Written by and starring Andy Quirke, it’s based on two Dublin caricatures: Damo, a thick northside tough; and Ivor, a thick southside poshie. They are twins (Quirke plays both) separated at birth. Damo has been brought up by his granny (Ruth McCabe), a prostitute – “Ah, Grano, you haven’t been sucking mickey for money.” Ivor has been raised in suburban splendour by his filthy-rich adoptive parents. His dad is played by Rik Mayall, a choice that reflects Damo & Ivor’s obviously generous budget – it’s a slick production with funding from the Broadcasting Authority of Ireland – rather than anything Mayall, always a hammy actor (from his Young Ones days on), might bring to the tedious party.
The main characters are cartoonish – Damo’s baseball cap has an oversized peak, and Ivor wears huge turned-up collars – but the storylines are standard sitcom, so the tone is strangely jarring. Without a single humorous line that might gel the thing together, it’s excruciating.
Damo and Ivor first appeared on YouTube, in amusing musical parodies, and then in sketches for RTÉ’s Republic of Telly, but spinning out a three-minute video into three hours of TV takes more than this thin, ill-conceived script can offer.
Last night Graham Linehan served up a masterclass in comedy in the final, slightly out-of-nowhere episode of The IT Crowd (Channel 4, Friday), the last run of which finished in 2010.
Its stars, most notably Chris O’Dowd (Roy), have gone on to bigger things, so it was a coup to get him, Richard Ayoade (Moss) and Katherine Parkinson (Jen) back to play the tech-support department of a corporation. (Their stock phrase was, “Have you tried turning it off and on again?”) It was characters-as-usual for the trio of geeks: Roy misunderstanding his girlfriend – “Alice told me I was on the artistic spectrum” – Moss trying to beat his self-esteem issues by wearing women’s trousers, and ditzy Jen flirting with the guy in the coffee shop and still trying to convince their brilliantly odious boss (Matt Berry) that she isn’t his secretary.
Linehan mined the multiple pitfalls of real-life IT and social media. After a video of Jen accidentally throwing coffee on a homeless person went viral she became known globally as the “Coffee toss tramp bitch”. She tried to make amends via Twitter (or “Chitter” as it was called, for some reason), and it went disastrously wrong when she omitted a question mark.

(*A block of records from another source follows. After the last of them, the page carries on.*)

lemma measure_path_reweight_le:
  assumes path: "is_path n m vs" and m: "0 < m" and n: "0 < n"
    and g: "\<And>i. i \<in> {1..m} \<Longrightarrow> 0 < g i"
    and A: "A \<in> sets (Wn n)" and A_avg: "\<And>w. w \<in> A \<Longrightarrow> avgW vs m w \<le> lam"
    and tilt: "\<And>w. w \<in> A \<Longrightarrow> (\<Sum>i=1..m. (g i - 1) * pathX vs w i) \<le> 0"
  shows "(\<Prod>i=1..m. g i) * measure (Wn n) A \<le> measure (Wn n) {w \<in> space (Wn n). avgW vs m w \<le> lam}"
proof -
  let ?E = "path_edge vs ` {1..m}"
  define c where "c e = (if e \<in> ?E then g (the_inv_into {1..m} (path_edge vs) e) else 1)" for e
  have inj: "inj_on (path_edge vs) {1..m}" by (rule inj_on_path_edge[OF path])
  have E_sub: "?E \<subseteq> Kedges n" using path_edge_in_Kedges[OF path] by auto
  have c_edge: "c (path_edge vs i) = g i" if "i \<in> {1..m}" for i
    using that inj by (simp add: c_def the_inv_into_f_f)
  have c_pos: "0 < c e" for e
    using g c_edge by (auto simp: c_def)
  have sum_c: "(\<Sum>e\<in>Kedges n. (c e - 1) * w e) = (\<Sum>i=1..m. (g i - 1) * pathX vs w i)" for w
  proof -
    have "(\<Sum>e\<in>Kedges n. (c e - 1) * w e) = (\<Sum>e\<in>?E. (c e - 1) * w e)"
      using E_sub finite_Kedges by (intro sum.mono_neutral_right) (auto simp: c_def)
    also have "\<dots> = (\<Sum>i=1..m. (g i - 1) * pathX vs w i)"
      unfolding sum.reindex[OF inj] by (simp add: c_edge pathX_eq_path_edge)
    finally show ?thesis .
  qed
  have prod_c: "(\<Prod>e\<in>Kedges n. c e) = (\<Prod>i=1..m. g i)"
  proof -
    have "(\<Prod>e\<in>Kedges n. c e) = (\<Prod>e\<in>?E. c e)"
      using E_sub finite_Kedges by (intro prod.mono_neutral_right) (auto simp: c_def)
    also have "\<dots> = (\<Prod>i=1..m. g i)"
      unfolding prod.reindex[OF inj] by (simp add: c_edge)
    finally show ?thesis .
  qed
  have pathS_rescaled: "pathS vs (\<lambda>e\<in>Kedges n. c e * w e) m
      = pathS vs w m + (\<Sum>i=1..m. (g i - 1) * pathX vs w i)" for w
    using E_sub by (auto simp: pathS_def pathX_eq_path_edge c_edge algebra_simps
        sum.distrib[symmetric] intro!: sum.cong)
  have "(\<Prod>e\<in>Kedges n. c e) * measure (Wn n) A \<le> measure (Wn n) {w \<in> space (Wn n). avgW vs m w \<le> lam}"
    unfolding Wn_eq_PiM
  proof (rule PiM_exponential_rescale_le[OF finite_Kedges _ c_pos])
    show "A \<in> sets (PiM (Kedges n) (\<lambda>_. exponential_measure (1 / real n)))"
      using A by (simp add: Wn_eq_PiM)
    show "{w \<in> space (PiM (Kedges n) (\<lambda>_. exponential_measure (1 / real n))). avgW vs m w \<le> lam}
        \<in> sets (PiM (Kedges n) (\<lambda>_. exponential_measure (1 / real n)))"
      using sets_avgW_le[OF path] by (simp add: Wn_eq_PiM)
  next
    fix w assume w: "w \<in> A"
    show "(\<Sum>e\<in>Kedges n. (c e - 1) * w e) \<le> 0"
      using tilt[OF w] by (simp add: sum_c)
    have "avgW vs m (\<lambda>e\<in>Kedges n. c e * w e) \<le> avgW vs m w"
      using tilt[OF w] m by (simp add: avgW_def pathS_rescaled divide_right_mono)
    then show "(\<lambda>e\<in>Kedges n. c e * w e)
        \<in> {w \<in> space (PiM (Kedges n) (\<lambda>_. exponential_measure (1 / real n))). avgW vs m w \<le> lam}"
      using A_avg[OF w] by (simp add: space_PiM)
  qed (use n in simp)
  then show ?thesis by (simp add: prod_c)
qed
(* Let $G$ be a finite group and $\Gamma$ a finite digraph with at least one arc such that $G\leq\mathrm{Aut}(\Gamma)$ acts primitively on the vertex set and transitively on the set of $s$-arcs of $\Gamma$ for some $s\geq 2$. Let $v$ be a vertex of $\Gamma$ and $G_v$ its stabiliser. Then for every prime $p$ dividing $|G_v|$, the group $G_v$ has at least two distinct subgroups of order $p$.
   Context: A digraph $\Gamma=(V,\to)$ consists of a finite vertex set $V$ and an anti-symmetric, irreflexive relation $\to$ on $V$. For $s\geq 0$, an $s$-arc is a sequence $v_0,\dots,v_s$ with $v_i\to v_{i+1}$ for $0\leq i<s$. $G$ is said to act transitively on $s$-arcs ($(G,s)$-arc-transitive) if it is transitive on the set of all $s$-arcs. *)

theory Defs
  imports "HOL-Algebra.Algebra"
begin

definition is_digraph :: "'a set \<Rightarrow> ('a \<Rightarrow> 'a \<Rightarrow> bool) \<Rightarrow> bool" where
  "is_digraph V arc \<longleftrightarrow> finite V \<and> (\<forall>x y. arc x y \<longrightarrow> x \<in> V \<and> y \<in> V)
     \<and> (\<forall>x. \<not> arc x x) \<and> (\<forall>x y. arc x y \<longrightarrow> \<not> arc y x)"

definition s_arcs :: "'a set \<Rightarrow> ('a \<Rightarrow> 'a \<Rightarrow> bool) \<Rightarrow> nat \<Rightarrow> 'a list set" where
  "s_arcs V arc s = {xs. length xs = Suc s \<and> set xs \<subseteq> V
     \<and> (\<forall>i < s. arc (xs ! i) (xs ! Suc i))}"

definition is_aut :: "'a set \<Rightarrow> ('a \<Rightarrow> 'a \<Rightarrow> bool) \<Rightarrow> ('a \<Rightarrow> 'a) \<Rightarrow> bool" where
  "is_aut V arc g \<longleftrightarrow> g \<in> carrier (BijGroup V)
     \<and> (\<forall>x\<in>V. \<forall>y\<in>V. arc x y \<longleftrightarrow> arc (g x) (g y))"

definition transitive_on :: "('a \<Rightarrow> 'a) set \<Rightarrow> 'a set \<Rightarrow> bool" where
  "transitive_on G V \<longleftrightarrow> (\<forall>x\<in>V. \<forall>y\<in>V. \<exists>g\<in>G. g x = y)"

definition is_block :: "('a \<Rightarrow> 'a) set \<Rightarrow> 'a set \<Rightarrow> 'a set \<Rightarrow> bool" where
  "is_block G V B \<longleftrightarrow> B \<subseteq> V \<and> (\<forall>g\<in>G. g ` B = B \<or> g ` B \<inter> B = {})"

Meanwhile, Moss made one of his excruciatingly nerdy board-game review shows, and the global hacker movement Anonymous was unmasked as a teenager in his parents’ living room.

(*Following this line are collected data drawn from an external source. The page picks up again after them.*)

lemma idp_box_in_gen_monoid:
  assumes "S \<subseteq> {1..<n}"
  shows "(idp n, blocks n (box_rel n S)) \<in> gen_monoid n (BR_gens n)"
proof -
  have "finite S"
    using assms finite_subset by blast
  then show ?thesis
    using assms
  proof (induction S rule: finite_induct)
    case empty
    show ?case
      using gen_monoid.unit[of n "BR_gens n"] unfolding idp_eq_blocks_box_rel by simp
  next
    case (insert i F)
    then have i: "1 \<le> i" "i < n"
      by auto
    have "pmult n (idp n) (idp n) = idp n"
      using pmult_idp[OF fpf_involution_id_pairing] unfolding idp_eq_blocks_id_pairing .
    moreover have "brmult n (idp n, blocks n (box_rel n F)) (egen n i) \<in> gen_monoid n (BR_gens n)"
      using gen_monoid.step insert gens_in_BR_gens[OF i] by auto
    ultimately show ?case
      unfolding brmult_def egen_def using pmult_bgen[OF i] by simp
  qed
qed

lemma generated_id_pairing: "S \<subseteq> {1..<n} \<Longrightarrow> generated n S (id_pairing n)"
  unfolding generated_def idp_eq_blocks_id_pairing[symmetric] by (rule idp_box_in_gen_monoid)

lemma generated_cong:
  "generated n S p \<Longrightarrow> (\<And>x. x \<in> {1..2*n} \<Longrightarrow> p x = q x) \<Longrightarrow> generated n S q"
  unfolding generated_def using pair_rel_cong by metis

lemma generated_step:
  assumes "generated n S p" and k: "k \<in> S" "1 \<le> k" "k < n"
    and g: "g \<in> {egen n k, zgen n k, dgen n k}"
    and first: "pmult n (blocks n (pair_rel n p)) (fst g) = blocks n (pair_rel n q)"
  shows "generated n S q"
proof -
  have "brmult n (blocks n (pair_rel n p), blocks n (box_rel n S)) g \<in> gen_monoid n (BR_gens n)"
    using gen_monoid.step assms(1) g gens_in_BR_gens[OF k(2,3)] unfolding generated_def by blast
  moreover have "snd g = bgen n k"
    using g unfolding egen_def zgen_def dgen_def by auto
  ultimately show ?thesis
    unfolding generated_def brmult_def using first pmult_bgen[OF k(2,3)] insert_absorb[OF k(1)]
    by simp
qed

lemma generated_of_bottom_swap:
  assumes "generated n S (bottom_swap n k \<circ> p \<circ> bottom_swap n k)" and p: "fpf_involution n p"
    and k: "k \<in> S" "1 \<le> k" "k < n"
  shows "generated n S p"
proof (rule generated_step[OF assms(1) k, of "zgen n k"])
  show "pmult n (blocks n (pair_rel n (bottom_swap n k \<circ> p \<circ> bottom_swap n k))) (fst (zgen n k))
      = blocks n (pair_rel n p)"
    using pmult_sgen[OF fpf_involution_bottom_swap[OF p k(2,3)] k(2,3)]
    unfolding zgen_def by (simp add: comp_def)
qed simp

lemma generated_link:
  assumes "generated n S p" and p: "fpf_involution n p" and k: "k \<in> S" "1 \<le> k" "k < n"
  shows "generated n S (link (n + k) (n + Suc k) p)"
  by (rule generated_step[OF assms(1) k, of "dgen n k"]) (use pmult_tgen[OF p k(2,3)] in \<open>simp_all add: dgen_def\<close>)

definition bottom_pairs :: "nat \<Rightarrow> (nat \<Rightarrow> nat) \<Rightarrow> nat set" where
  "bottom_pairs n p = {x \<in> {n+1..2*n}. n < p x}"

If the very enthusiastic laughter track had laid off for even a few minutes, it would have been perfect. Even so, it was a fitting, clever and funny finale to a brilliant series.
Downton Abbey (UTV, Sunday; TV3, Wednesday) is back, and the viewing figures were higher than ever, exceeding 10 million in the UK for Sunday’s opener, so the appetite for the classy-looking soap shows no sign of diminishing.

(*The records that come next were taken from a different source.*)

text \<open>A phase model: the monoid is the type 'm (commutative, required idempotent),
  and star is the interpretation of formulas.\<close>
definition phase_model :: "(fm \<Rightarrow> ('m::comm_monoid_mult \<times> trm) set) \<Rightarrow> bool" where
  "phase_model star \<longleftrightarrow>
     (\<forall>m::'m. m * m = m) \<and>
     (\<forall>X. closed_set (star (Atom X))) \<and>
     (\<forall>A B. star (Imp A B) =
        {(m, t). \<forall>n s. (n, s) \<in> star A \<longrightarrow> (m * n, App t s) \<in> star B}) \<and>
     (\<forall>A. star (All A) = {(m, t). \<forall>Y. (m, TApp t Y) \<in> star (inst A Y)}) \<and>
     (\<forall>A. (1, Const A) \<in> star A)"

end

theory Submission
  imports Defs
begin

text \<open>Soundness is proved by induction on the typing derivation, strengthened to an arbitrary
  simultaneous substitution of terms for the term variables and an arbitrary renaming of the
  atoms; the renaming is what the \<open>\<forall>\<close>-introduction case needs, because its premise is typed
  in a lifted context and has to be instantiated at every atom \<open>Y\<close>. Every interpretation
  \<open>A\<^sup>*\<close> is closed (induction on the size of \<open>A\<close>), so the \<open>\<lambda>\<close>- and \<open>\<Lambda>\<close>-cases pass from the
  substituted body to the redex by expansion. The application rule uses the same context
  for both premises, and idempotency of the monoid absorbs the resulting square \<open>m \<cdot> m\<close>.\<close>

definition upren :: "(nat \<Rightarrow> nat) \<Rightarrow> nat \<Rightarrow> nat" where
  "upren \<rho> i = (case i of 0 \<Rightarrow> 0 | Suc j \<Rightarrow> Suc (\<rho> j))"

lemma upren_simps [simp]: "upren \<rho> 0 = 0" "upren \<rho> (Suc j) = Suc (\<rho> j)"
  by (simp_all add: upren_def)

lemma upren_comp: "upren (\<rho> \<circ> \<rho>') = upren \<rho> \<circ> upren \<rho>'"
  by (rule ext) (simp add: upren_def split: nat.split)

lemma upren_ident [simp]: "upren (\<lambda>i. i) = (\<lambda>i. i)"
  by (rule ext) (simp add: upren_def split: nat.split)

primrec fm_ren :: "(nat \<Rightarrow> nat) \<Rightarrow> fm \<Rightarrow> fm" where
  "fm_ren \<rho> (Atom i) = Atom (\<rho> i)"
| "fm_ren \<rho> (Imp A B) = Imp (fm_ren \<rho> A) (fm_ren \<rho> B)"
| "fm_ren \<rho> (All A) = All (fm_ren (upren \<rho>) A)"

primrec ty_ren :: "(nat \<Rightarrow> nat) \<Rightarrow> trm \<Rightarrow> trm" where
  "ty_ren \<rho> (Var i) = Var i"
| "ty_ren \<rho> (Const A) = Const (fm_ren \<rho> A)"
| "ty_ren \<rho> (Lam t) = Lam (ty_ren \<rho> t)"
| "ty_ren \<rho> (App t s) = App (ty_ren \<rho> t) (ty_ren \<rho> s)"
| "ty_ren \<rho> (TLam t) = TLam (ty_ren (upren \<rho>) t)"
| "ty_ren \<rho> (TApp t Y) = TApp (ty_ren \<rho> t) (\<rho> Y)"

lemma fm_ren_fm_ren: "fm_ren \<rho> (fm_ren \<rho>' A) = fm_ren (\<rho> \<circ> \<rho>') A"
  by (induction A arbitrary: \<rho> \<rho>') (simp_all add: upren_comp)

lemma fm_ren_ident [simp]: "fm_ren (\<lambda>i. i) A = A"
  by (induction A) simp_all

The episode was set in 1922, six months after Matthew’s death. A grieving Mary wandered around the house like a slow-talking, very pale Miss Havisham. Racy Edith kissed a married man in a restaurant, and Sybil’s bereaved husband showed signs of getting way above his station to save Downton. (Wasn’t that the plot from the first series?) Mrs O’Brien is gone (a note on the mantelpiece; no dramatic car crash for her), and the butler, Thomas, is positioned as the nasty schemer of the house.
Julian Fellowes, the writer of Downton, slowly laid the groundwork for the series storylines, such as Edith going to Germany, and there were nods to the change in the structure of society brought on by the war. By Christmas, Lord and Lady Grantham might just have to learn to dress themselves. The most exciting thing that happened below stairs was the arrival of an electric food mixer.